ISSN 2330-717X

A European “New Deal” To Boost Competitiveness


Shifting policy making and spending in cross-border areas such as energy and transport from national to EU level would improve investment returns and cut costs by generating economies of scale. It would also give an urgently-needed boost to EU competitiveness, says the final report from Parliament’s Special Committee on the Financial, Economic and Social Crisis, approved on Wednesday.

Youth unemployment, social cohesion, the sovereign debt crisis and slowing growth are among the issues addressed by the non-legislative resolution, passed by Parliament with 434 votes in favour, 128 against and 33 abstentions.

The resolution analyses the reasons for the current economic and financial crises, suggests ways to avoid economic crises in the future and presents a long term vision for Europe.

“This route that we have paved the way for can give new impetus to the European Union” said Parliament’s rapporteur Pervenche Berès (S&D, FR), in the debate preceding the vote.

“More Europe” needed

A European “New Deal” should foster innovation, job creation and R&D investment, so as to give an urgently-needed boost to European competitiveness and ensure sustainable, green growth, says the report.

The EU must either deepen its integration or risk drifting apart and falling into an era of populism and nationalism, says the resolution. In particular, MEPs urge stronger co-operation in cross-border policy areas such as energy, transport and foreign policy, where EU added value can be high.

This shift in policy making towards the European level would, in the long term, need to be accompanied by an increase in the EU budget “to a sufficient size”. Such a change would be tax neutral for citizens: it would come about through increased EU “own resources” and savings for national governments as a result of shifting activities to European level.

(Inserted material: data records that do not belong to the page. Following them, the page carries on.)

lemma hsat_iff_isat_and_psat_iff_ipsat:
  assumes "is_model M"
  shows hsat_iff_isat: "is_history M h \<Longrightarrow> stops_at_hist r h \<Longrightarrow>
           hsat M \<phi> h r \<longleftrightarrow> isat M \<phi> (last h) (IS M h r) (obs_of M h r)"
    and psat_iff_ipsat: "is_path M \<pi> \<Longrightarrow> stops_at r n \<Longrightarrow>
           psat M \<psi> \<pi> n r \<longleftrightarrow>
           ipsat M \<psi> (suffix_from \<pi> n) (IS M (upto_pref \<pi> n) r) (obs_of M (upto_pref \<pi> n) r)"
proof (induction \<phi> and \<psi> arbitrary: h r and \<pi> n r)
  case (HA \<psi>)
  let ?n = "length h - 1"
  have h: "h \<noteq> []" "successively (Trans M) h"
    using HA.prems(1) assms by (simp_all add: is_history_iff is_model_def)
  have "psat M \<psi> \<pi> ?n r \<longleftrightarrow> ipsat M \<psi> (suffix_from \<pi> ?n) (IS M h r) (obs_of M h r)"
    if "is_path M \<pi>" "prefix_of h \<pi>" for \<pi>
  proof -
    have "upto_pref \<pi> ?n = h"
      using that(2) upto_pref_eq_iff_prefix_of[OF h(1)] by blast
    then show ?thesis
      using HA.IH[OF that(1)] HA.prems(2) by (simp add: stops_at_hist_def)
  qed
  then have "hsat M (HA \<psi>) h r \<longleftrightarrow>
        (\<forall>\<pi> \<in> {\<pi>. is_path M \<pi> \<and> prefix_of h \<pi>}.
           ipsat M \<psi> (suffix_from \<pi> ?n) (IS M h r) (obs_of M h r))"
    by auto
  also have "\<dots> \<longleftrightarrow>
        (\<forall>p \<in> {p. is_path M p \<and> p 0 = last h}. ipsat M \<psi> p (IS M h r) (obs_of M h r))"
    unfolding paths_through_history[OF h, symmetric] by simp
  finally show ?case
    by simp
next
  case (HK \<phi>)
  have "hsat M \<phi> g r \<longleftrightarrow> isat M \<phi> (last g) (IS M h r) (obs_of M h r)"
    if "is_history M g" "hequiv M r g h" for g
    using HK.IH[OF that(1)] HK.prems(2) IS_cong[OF assms that(2)] hequiv_length[OF that(2)]
    by (simp add: stops_at_hist_def obs_of_def)
  then show ?case
    by (auto simp: IS_def)
next
  case (HDelta ob \<phi>)
  have h: "h \<noteq> []"
    using is_history_neq_Nil[OF HDelta.prems(1)] .
  have "stops_at_hist (r @ [(ob, length h - 1)]) h"
    using HDelta.prems(2) by (simp add: stops_at_hist_def stops_at_snoc)
  then show ?case
    by (simp only: hsat.simps isat.simps HDelta.IH[OF HDelta.prems(1)]
        IS_snoc_record[OF assms h] obs_of_snoc_record[OF h])
next
  case (PH \<phi>)
  then show ?case
    by (simp add: is_history_upto_pref)
next
  case (PX \<psi>)
  have "stops_at r (n + 1)"
    using stops_at_mono[OF PX.prems(2)] by simp
  then show ?case
    using PX.IH[OF PX.prems(1)] IS_upto_pref_add[OF assms PX.prems(2), of \<pi> 1]
      obs_of_upto_pref_add[OF PX.prems(2), of M \<pi> 1]
    by (simp add: suffix_from_def)
next
  case (PU \<psi>1 \<psi>2)
  let ?I = "IS M (upto_pref \<pi> n) r" and ?o = "obs_of M (upto_pref \<pi> n) r"
  have "stops_at r (n + k)" for k
    using stops_at_mono[OF PU.prems(2)] by simp
  then have "psat M \<psi>1 \<pi> (n + k) r \<longleftrightarrow>
             ipsat M \<psi>1 (suffix_from \<pi> (n + k)) (UTn M k ?I (suffix_from \<pi> n) ?o) ?o"
    and "psat M \<psi>2 \<pi> (n + k) r \<longleftrightarrow>
             ipsat M \<psi>2 (suffix_from \<pi> (n + k)) (UTn M k ?I (suffix_from \<pi> n) ?o) ?o"
    for k
    using PU.IH[OF PU.prems(1)] IS_upto_pref_add[OF assms PU.prems(2), of \<pi> k]
      obs_of_upto_pref_add[OF PU.prems(2), of M \<pi> k]
    by simp_all
  then show ?case
    unfolding psat.simps ipsat.simps ex_ge_iff_ex_add suffix_from_suffix_from by simp
qed simp_all

theorem mainTheorem3:
  fixes M :: "('p::countable, 's::finite, 'o::finite) model"
  assumes "infinite (UNIV :: 'p set)"
    and "is_model M"
  shows "(\<forall>(\<phi> :: ('p, 'o) hform) h r. is_history M h \<and> stops_at_hist r h \<longrightarrow>
            (hsat M \<phi> h r \<longleftrightarrow> isat M \<phi> (last h) (IS M h r) (obs_of M h r)))
       \<and> (\<forall>(\<psi> :: ('p, 'o) pform) \<pi> n r. is_path M \<pi> \<and> stops_at r n \<longrightarrow>
            (psat M \<psi> \<pi> n r \<longleftrightarrow>
             ipsat M \<psi> (suffix_from \<pi> n) (IS M (upto_pref \<pi> n) r) (obs_of M (upto_pref \<pi> n) r)))"
  using hsat_iff_isat[OF assms(2)] psat_iff_ipsat[OF assms(2)] by blast

end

Tax policies, euro-bonds and G20 reform

The report urges closer co-ordination of national tax policies, a common corporate tax base, a European Treasury and changing the European Stability Mechanism into a European Debt Agency. It asks the Commission to look into a system of Eurobonds to reduce sovereign debt and stimulate fiscal discipline.

MEPs also say the Bretton Woods institutions and other economic governance bodies, including the G20, should be incorporated in the UN system. The International Monetary Fund should also be reformed, so as to enhance its transparence and accountability and render it more democratic, while strengthening its role in the economic and financial surveillance of its members, it adds.

Lastly, the resolution argues that revenue from a financial transaction tax could help fund the Millennium Development Goals and meet climate change commitments.


The Special Committee was set up in 2009 to analyse the reasons for the current crises and propose measures to ensure a long-term sustainable growth. Now that its resolution has been passed, it will be dissolved.